Further still, the majority of Wall Street analysts (as per FactSet) rate the shares a buy or a hold, and believe the shares are dramatically undervalued at the current market price, as you can see in the following table.

Risks:

Tenant bankruptcy: WELL is exposed to the risk of tenants not being able to meet their rental obligations. However, WELL is well diversified with no dramatically significant tenant concentration (as described earlier). Nonetheless, should one or more of these tenants face financial trouble it could lead to future cash flow challenges for Welltower.

Regulatory risks: Both WELL and its tenants are exposed to regulatory risks, especially changes to the Affordable Care Act. WELL in its 2019 annual report stated the following:

“The requirements of, or changes to, governmental reimbursement programs, such as Medicare, Medicaid or government funding, could have a material adverse effect on our obligors’ liquidity, financial condition and results of operations, which could adversely affect our obligors’ ability to meet their obligations to us.”

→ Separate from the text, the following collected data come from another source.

text \<open>
  The Rademacher variables are orthonormal, so the second moment of \<open>Ybar n\<close> is the sum of
  the squared coefficients \<open>j_n(i)\<close>, \<open>i < i_n\<close>. Since \<open>i_n - 1 \<le> x_n \<le> 2(n - 1)/3\<close>, the
  inner variable in \<open>j_n(i)\<close> stays at distance at least \<open>n/6\<close> from the singularity, so the
  inner integral is \<open>O(n\<^bsup>2H-2\<^esup>)\<close> uniformly and \<open>|j_n(i)| = O(n\<^bsup>2H-2\<^esup> (i - 1)\<^bsup>1/2-H\<^esup>)\<close>.
  Summing the squares gives \<open>O(n\<^bsup>4H-4\<^esup> n\<^bsup>2-2H\<^esup>) = O(n\<^bsup>2H-2\<^esup>)\<close>, which tends to \<open>0\<close>.
\<close>

lemma (in prob_space) AE_Rademacher:
  fixes X :: "'a \<Rightarrow> real"
  assumes [measurable]: "X \<in> borel_measurable M"
    and "\<P>(\<omega> in M. X \<omega> = 1) = 1/2" "\<P>(\<omega> in M. X \<omega> = -1) = 1/2"
  shows "AE \<omega> in M. X \<omega> = 1 \<or> X \<omega> = -1"
proof -
  have "{\<omega>\<in>space M. X \<omega> = 1 \<or> X \<omega> = -1} = {\<omega>\<in>space M. X \<omega> = 1} \<union> {\<omega>\<in>space M. X \<omega> = -1}"
    by auto
  then have "\<P>(\<omega> in M. X \<omega> = 1 \<or> X \<omega> = -1) = \<P>(\<omega> in M. X \<omega> = 1) + \<P>(\<omega> in M. X \<omega> = -1)"
    by (simp only:) (rule finite_measure_Union, auto)
  with assms(2,3) have "\<P>(\<omega> in M. X \<omega> = 1 \<or> X \<omega> = -1) = 1"
    by simp
  then show ?thesis
    by (subst (asm) prob_Collect_eq_1) auto
qed

lemma (in prob_space) expectation_Rademacher:
  fixes X :: "'a \<Rightarrow> real"
  assumes [measurable]: "X \<in> borel_measurable M"
    and p1: "\<P>(\<omega> in M. X \<omega> = 1) = 1/2" and pm1: "\<P>(\<omega> in M. X \<omega> = -1) = 1/2"
  shows "expectation X = 0"
proof -
  have "AE \<omega> in M. X \<omega> = 1 \<or> X \<omega> = -1"
    using AE_Rademacher assms by blast
  then have "expectation X
      = expectation (\<lambda>\<omega>. indicator {\<omega>\<in>space M. X \<omega> = 1} \<omega> - indicator {\<omega>\<in>space M. X \<omega> = -1} \<omega>)"
    by (intro integral_cong_AE) (auto simp: indicator_def)
  also have "\<dots> = prob {\<omega>\<in>space M. X \<omega> = 1} - prob {\<omega>\<in>space M. X \<omega> = -1}"
    by (subst Bochner_Integration.integral_diff)
       (auto intro!: integrable_real_indicator simp: Int_absorb2 less_top[symmetric])
  finally show ?thesis
    using p1 pm1 by simp
qed

lemma (in prob_space) expectation_square_sum_orthonormal:
  fixes X :: "'i \<Rightarrow> 'a \<Rightarrow> real"
  assumes "finite J"
    and "\<And>i k. i \<in> J \<Longrightarrow> k \<in> J \<Longrightarrow> integrable M (\<lambda>\<omega>. X i \<omega> * X k \<omega>)"
    and "\<And>i k. i \<in> J \<Longrightarrow> k \<in> J \<Longrightarrow> expectation (\<lambda>\<omega>. X i \<omega> * X k \<omega>) = (if i = k then 1 else 0)"
  shows "expectation (\<lambda>\<omega>. (\<Sum>i\<in>J. a i * X i \<omega>)\<^sup>2) = (\<Sum>i\<in>J. (a i)\<^sup>2)"
proof -
  have "(\<lambda>\<omega>. (\<Sum>i\<in>J. a i * X i \<omega>)\<^sup>2) = (\<lambda>\<omega>. \<Sum>i\<in>J. \<Sum>k\<in>J. a i * a k * (X i \<omega> * X k \<omega>))"
    by (auto simp: power2_eq_square sum_product mult_ac)
  then have "expectation (\<lambda>\<omega>. (\<Sum>i\<in>J. a i * X i \<omega>)\<^sup>2)
      = (\<Sum>i\<in>J. \<Sum>k\<in>J. a i * a k * expectation (\<lambda>\<omega>. X i \<omega> * X k \<omega>))"
    using assms(2) by (simp add: Bochner_Integration.integral_sum integrable_sum)
  also have "\<dots> = (\<Sum>i\<in>J. \<Sum>k\<in>J. a i * a k * (if i = k then 1 else 0))"
    using assms(3) by (intro sum.cong refl) auto
  also have "\<dots> = (\<Sum>i\<in>J. (a i)\<^sup>2)"
    using assms(1) by (simp add: power2_eq_square if_distrib cong: if_cong)
  finally show ?thesis .
qed

lemma (in prob_space) expectation_square_sum_Rademacher:
  fixes \<xi> :: "'i \<Rightarrow> 'a \<Rightarrow> real"
  assumes indep: "indep_vars (\<lambda>_. borel) \<xi> I" and "finite J" "J \<subseteq> I"
    and meas: "\<And>i. i \<in> I \<Longrightarrow> \<xi> i \<in> borel_measurable M"
    and p1: "\<And>i. i \<in> I \<Longrightarrow> \<P>(\<omega> in M. \<xi> i \<omega> = 1) = 1/2"
    and pm1: "\<And>i. i \<in> I \<Longrightarrow> \<P>(\<omega> in M. \<xi> i \<omega> = -1) = 1/2"
  shows "expectation (\<lambda>\<omega>. (\<Sum>i\<in>J. a i * \<xi> i \<omega>)\<^sup>2) = (\<Sum>i\<in>J. (a i)\<^sup>2)"
proof (rule expectation_square_sum_orthonormal)
  have meas_J [measurable]: "\<xi> i \<in> borel_measurable M" if "i \<in> J" for i
    using meas that \<open>J \<subseteq> I\<close> by blast
  have ae: "AE \<omega> in M. \<xi> i \<omega> = 1 \<or> \<xi> i \<omega> = -1" if "i \<in> J" for i
    using AE_Rademacher meas p1 pm1 that \<open>J \<subseteq> I\<close> by blast
  have bounded: "integrable M (\<xi> i)" if "i \<in> J" for i
    by (rule integrable_const_bound[where B=1]) (use ae[OF that] that in auto)
  show "integrable M (\<lambda>\<omega>. \<xi> i \<omega> * \<xi> k \<omega>)" if "i \<in> J" "k \<in> J" for i k
  proof (rule integrable_const_bound[where B=1])
    from ae[OF that(1)] ae[OF that(2)] show "AE \<omega> in M. norm (\<xi> i \<omega> * \<xi> k \<omega>) \<le> 1"
      by eventually_elim auto
  qed (use that in auto)
  show "expectation (\<lambda>\<omega>. \<xi> i \<omega> * \<xi> k \<omega>) = (if i = k then 1 else 0)" if "i \<in> J" "k \<in> J" for i k
  proof (cases "i = k")
    case True
    have "expectation (\<lambda>\<omega>. \<xi> i \<omega> * \<xi> i \<omega>) = expectation (\<lambda>\<omega>. 1)"
      using ae[OF that(1)] by (intro integral_cong_AE) (use that in auto)
    then show ?thesis
      using True by (simp add: prob_space)
  next
    case False
    have "indep_vars (\<lambda>_. borel) \<xi> {i, k}"
      by (rule indep_vars_subset[OF indep]) (use that \<open>J \<subseteq> I\<close> in auto)
    then have "expectation (\<lambda>\<omega>. \<Prod>j\<in>{i, k}. \<xi> j \<omega>) = (\<Prod>j\<in>{i, k}. expectation (\<xi> j))"
      by (intro indep_vars_lebesgue_integral) (use that bounded in auto)
    then show ?thesis
      using False that \<open>J \<subseteq> I\<close> expectation_Rademacher[OF meas p1 pm1] by (simp add: subsetD)
  qed
qed (use assms in auto)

Nonetheless, we are encouraged that WELL has significantly reduced its exposure to Medicare and Medicaid in recent years.

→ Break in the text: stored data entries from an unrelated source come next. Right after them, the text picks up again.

(* Let $k\geq 0$ and $p\geq 1$ be integers with $\log_e^{(k)}p\geq 1$, and let $f_k(p)$ be the minimum of $\mathrm{Tran}(T)$ over all $(k,p)$-trees $T$. Then $f_k(p)^{1/p}\leq 10\,\log_e^{(k)}p$.
   Context: A $(k,p)$-tree is a rooted plane tree (children of each node ordered left to right) with exactly $p$ leaves, in which every leaf is at distance exactly $k+1$ from the root (nodes at distance $i$ from the root are at level $i$, so leaves are at level $k+1$). For a rooted tree $T$, $\mathrm{Tran}(T)=\prod_{u\in V(T)}|r_u|!$, where $|r_u|$ is the number of children of $u$. $\log_e^{(k)}p$ is the $k$-fold iterated natural logarithm, $\log_e^{(0)}p=p$. *)

theory Defs
  imports Complex_Main
begin

text \<open>Rooted plane trees: a node is given by the ordered list of its children.\<close>
datatype ptree = Node "ptree list"

fun children :: "ptree \<Rightarrow> ptree list" where
  "children (Node ts) = ts"

fun num_leaves :: "ptree \<Rightarrow> nat" where
  "num_leaves (Node ts) = (if ts = [] then 1 else sum_list (map num_leaves ts))"

fun leaves_at_depth :: "nat \<Rightarrow> ptree \<Rightarrow> bool" where
  "leaves_at_depth 0 (Node ts) = (ts = [])"
| "leaves_at_depth (Suc d) (Node ts) = (ts \<noteq> [] \<and> (\<forall>t\<in>set ts. leaves_at_depth d t))"

text \<open>Tran(T) = product over all nodes u of |r_u|!.\<close>
fun tran :: "ptree \<Rightarrow> nat" where
  "tran (Node ts) = fact (length ts) * prod_list (map tran ts)"

definition kp_tree :: "nat \<Rightarrow> nat \<Rightarrow> ptree \<Rightarrow> bool" where
  "kp_tree k p T \<longleftrightarrow> num_leaves T = p \<and> leaves_at_depth (Suc k) T"

definition f_tran :: "nat \<Rightarrow> nat \<Rightarrow> nat" where
  "f_tran k p = (LEAST n. \<exists>T. kp_tree k p T \<and> tran T = n)"

definition iter_ln :: "nat \<Rightarrow> real \<Rightarrow> real" where
  "iter_ln k x = (ln ^^ k) x"

end

theory Submission
  imports Defs
begin

text \<open>
  Write \<open>\<ell>\<^sub>k\<close> for the \<open>k\<close>-th iterate of \<open>t \<mapsto> 1 + ln t\<close>. By induction on \<open>k\<close> there is a
  \<open>(k,p)\<close>-tree with \<open>Tran(T) \<le> (e \<ell>\<^sub>k(p))\<^bsup>p-1\<^esup>\<close>: take a \<open>(k,n)\<close>-tree with
  \<open>n = \<lceil>p/m\<rceil>\<close>, \<open>m = \<lceil>\<ell>\<^sub>k\<^sub>+\<^sub>1(p)\<rceil>\<close>, and hang at most \<open>m\<close> new leaves below each of its leaves;
  a node with \<open>j \<le> m\<close> children costs \<open>j! \<le> m\<^bsup>j-1\<^esup>\<close>, i.e. a factor \<open>m\<close> per new leaf. As long as
  the iterated logarithms of \<open>p\<close> stay \<open>\<ge> 1\<close>, \<open>\<ell>\<^sub>k(p)\<close> exceeds \<open>log\<^sup>(\<^sup>k\<^sup>)p\<close> by at most 2, which
  gives the bound \<open>9 log\<^sup>(\<^sup>k\<^sup>)p\<close>; if they drop below 1 at an earlier level, a shallower tree
  with \<open>e \<ell> \<le> 9\<close> is lengthened by a path of unary nodes, which does not change \<open>Tran\<close>.
\<close>

lemma fact_le_power_pred:
  assumes "1 \<le> n" "n \<le> m"
  shows "fact n \<le> (m::nat) ^ (n - 1)"
  using assms
proof (induction n)
  case 0
  then show ?case by simp
next
  case (Suc n)
  show ?case
  proof (cases "n = 0")
    case True
    then show ?thesis by simp
  next
    case False
    then have "fact (Suc n) \<le> m * m ^ (n - 1)"
      using Suc unfolding fact_Suc by (intro mult_le_mono) simp_all
    also have "\<dots> = m ^ n"
      using False by (simp add: power_eq_if)
    finally show ?thesis by simp
  qed
qed

definition star :: "nat \<Rightarrow> ptree" where
  "star p = Node (replicate p (Node []))"

lemma num_leaves_star:
  assumes "1 \<le> p"
  shows "num_leaves (star p) = p"
proof -
  have "sum_list (map num_leaves (replicate p (Node []))) = p"
    by (induction p) auto
  then show ?thesis
    using assms by (simp add: star_def)
qed

lemma leaves_at_depth_star: "1 \<le> p \<Longrightarrow> leaves_at_depth (Suc 0) (star p)"
  by (auto simp: star_def)

lemma tran_star: "tran (star p) = fact p"
proof -
  have "prod_list (map tran (replicate p (Node []))) = 1"
    by (induction p) auto
  then show ?thesis
    by (simp add: star_def)
qed

lemma expand_subtrees:
  assumes m: "1 \<le> m"
    and expand: "\<And>t q. t \<in> set ts \<Longrightarrow> num_leaves t \<le> q \<Longrightarrow> q \<le> m * num_leaves t \<Longrightarrow>
      \<exists>T. num_leaves T = q \<and> leaves_at_depth (Suc d) T \<and> tran T \<le> tran t * m ^ (q - num_leaves t)"
    and "sum_list (map num_leaves ts) \<le> p" "p \<le> m * sum_list (map num_leaves ts)"
  shows "\<exists>Ts. length Ts = length ts \<and> sum_list (map num_leaves Ts) = p
    \<and> (\<forall>T\<in>set Ts. leaves_at_depth (Suc d) T)
    \<and> prod_list (map tran Ts) \<le> prod_list (map tran ts) * m ^ (p - sum_list (map num_leaves ts))"
  using expand assms(3,4)
proof (induction ts arbitrary: p)
  case Nil
  then show ?case by simp
next
  case (Cons t ts)
  define s where "s = sum_list (map num_leaves ts)"
  define a where "a = num_leaves t"
  define q where "q = min (m * a) (p - s)"
  have p: "a + s \<le> p" "p \<le> m * (a + s)"
    using Cons.prems(2,3) by (simp_all add: s_def a_def)
  have q: "a \<le> q" "q \<le> m * a" "q \<le> p" "s \<le> p - q"
    using p m by (auto simp: q_def)
  have "p - q \<le> m * s"
  proof (cases "m * a \<le> p - s")
    case True
    then show ?thesis
      using p(2) by (simp add: q_def algebra_simps)
  next
    case False
    then show ?thesis
      using p(1) m by (simp add: q_def)
  qed
  note q = q this
  obtain T where T: "num_leaves T = q" "leaves_at_depth (Suc d) T" "tran T \<le> tran t * m ^ (q - a)"
    using Cons.prems(1)[of t q] q unfolding a_def by auto
  obtain Ts where Ts: "length Ts = length ts" "sum_list (map num_leaves Ts) = p - q"
      "\<forall>T\<in>set Ts. leaves_at_depth (Suc d) T"
      "prod_list (map tran Ts) \<le> prod_list (map tran ts) * m ^ (p - q - s)"
    using Cons.IH[of "p - q"] Cons.prems(1) q unfolding s_def by auto
  have "tran T * prod_list (map tran Ts)
      \<le> (tran t * m ^ (q - a)) * (prod_list (map tran ts) * m ^ (p - q - s))"
    using T(3) Ts(4) by (rule mult_le_mono)
  also have "\<dots> = tran t * prod_list (map tran ts) * m ^ (q - a + (p - q - s))"
    by (simp add: power_add algebra_simps)
  also have "q - a + (p - q - s) = p - (a + s)"
    using q(1,3,4) by arith
  finally show ?case
    using T Ts q by (intro exI[of _ "T # Ts"]) (simp add: s_def a_def)
qed

text \<open>Each leaf is replaced by a star with at most \<open>m\<close> leaves.\<close>

lemma expand_leaves:
  assumes m: "1 \<le> m"
    and "leaves_at_depth d t" "num_leaves t \<le> p" "p \<le> m * num_leaves t"
  shows "\<exists>T. num_leaves T = p \<and> leaves_at_depth (Suc d) T \<and> tran T \<le> tran t * m ^ (p - num_leaves t)"
  using assms(2-)
proof (induction t arbitrary: d p)
  case (Node ts)
  show ?case
  proof (cases "ts = []")
    case True
    then have "d = 0" "1 \<le> p" "p \<le> m"
      using Node.prems by (cases d; auto)+
    then show ?thesis
      using True fact_le_power_pred[of p m]
      by (intro exI[of _ "star p"]) (simp add: num_leaves_star leaves_at_depth_star tran_star)
  next
    case False
    then obtain d' where d: "d = Suc d'" and depth: "\<forall>t\<in>set ts. leaves_at_depth d' t"
      using Node.prems(1) by (cases d) auto
    obtain Ts where Ts: "length Ts = length ts" "sum_list (map num_leaves Ts) = p"
        "\<forall>T\<in>set Ts. leaves_at_depth (Suc d') T"
        "prod_list (map tran Ts) \<le> prod_list (map tran ts) * m ^ (p - sum_list (map num_leaves ts))"
      using expand_subtrees[OF m, of ts d' p] Node.IH depth Node.prems(2,3) False by auto
    have "fact (length Ts) * prod_list (map tran Ts)
        \<le> fact (length ts) * (prod_list (map tran ts) * m ^ (p - sum_list (map num_leaves ts)))"
      using Ts(1,4) by simp
    then show ?thesis
      using Ts False d by (intro exI[of _ "Node Ts"]) (auto simp: algebra_simps)
  qed
qed

lemma kp_tree_deepen:
  assumes "kp_tree j p T" "j \<le> k"
  shows "\<exists>T'. kp_tree k p T' \<and> tran T' = tran T"
proof -
  have "kp_tree (j + i) p (((\<lambda>t. Node [t]) ^^ i) T) \<and> tran (((\<lambda>t. Node [t]) ^^ i) T) = tran T" for i
    using assms(1) by (induction i) (auto simp: kp_tree_def)
  from this[of "k - j"] show ?thesis
    using assms(2) by auto
qed

text \<open>
  Unlike \<open>iter_ln\<close>, it never leaves \<open>[1, \<infinity>)\<close> when started there, so it
  avoids the junk values of \<open>ln\<close> at non-positive arguments.
\<close>

definition iter_ln1 :: "nat \<Rightarrow> real \<Rightarrow> real" where
  "iter_ln1 k x = ((\<lambda>t. 1 + ln t) ^^ k) x"

lemma iter_ln1_0 [simp]: "iter_ln1 0 x = x"
  by (simp add: iter_ln1_def)

lemma iter_ln1_Suc [simp]: "iter_ln1 (Suc k) x = 1 + ln (iter_ln1 k x)"
  by (simp add: iter_ln1_def)

lemma iter_ln_0 [simp]: "iter_ln 0 x = x"
  by (simp add: iter_ln_def)

lemma iter_ln_Suc [simp]: "iter_ln (Suc k) x = ln (iter_ln k x)"
  by (simp add: iter_ln_def)

lemma iter_ln1_ge_1: "1 \<le> x \<Longrightarrow> 1 \<le> iter_ln1 k x"
  by (induction k) auto

lemma iter_ln1_mono: "1 \<le> x \<Longrightarrow> x \<le> y \<Longrightarrow> iter_ln1 k x \<le> iter_ln1 k y"
proof (induction k)
  case 0
  then show ?case by simp
next
  case (Suc k)
  then show ?case
    using iter_ln1_ge_1[of x k] by simp
qed

lemma two_le_exp_1: "2 \<le> exp (1::real)"
  using exp_ge_add_one_self[of "1::real"] by simp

Interest rate risk: Even though we expect interest rates to remain relatively tame, dramatically rising rates could create challenges. As REITs are often seen as an alternative to bonds, higher interest rates could mean decreased demand for REITs, thereby causing a decline in the share price. Also, higher interest rates could put downward pressure on earnings as interest costs rise. However, as interest rates have actually been reduced recently (the Fed cut rates 50 bps last week), we view this is a noteworthy positive for Welltower.

Conclusion:

Welltower is an attractive dividend stock (REIT). It offers a strong 5.4% dividend yield, and the business is strengthening. Specifically, FFO growth challenges have been brought under control, and the metric is now expected to increase in the years ahead. Also, the payout ratio of ~82% is attractive, and leaves plenty of cushion for the dividend. Further, the company will benefit from powerful demographic trends, and the Fed’s most recent interest rate cut. Finally the recent indiscriminate market sell off has created an attractive entry point. If you are a long-term income-focused investor, Welltower is worth considering for a spot in your prudently diversified portfolio.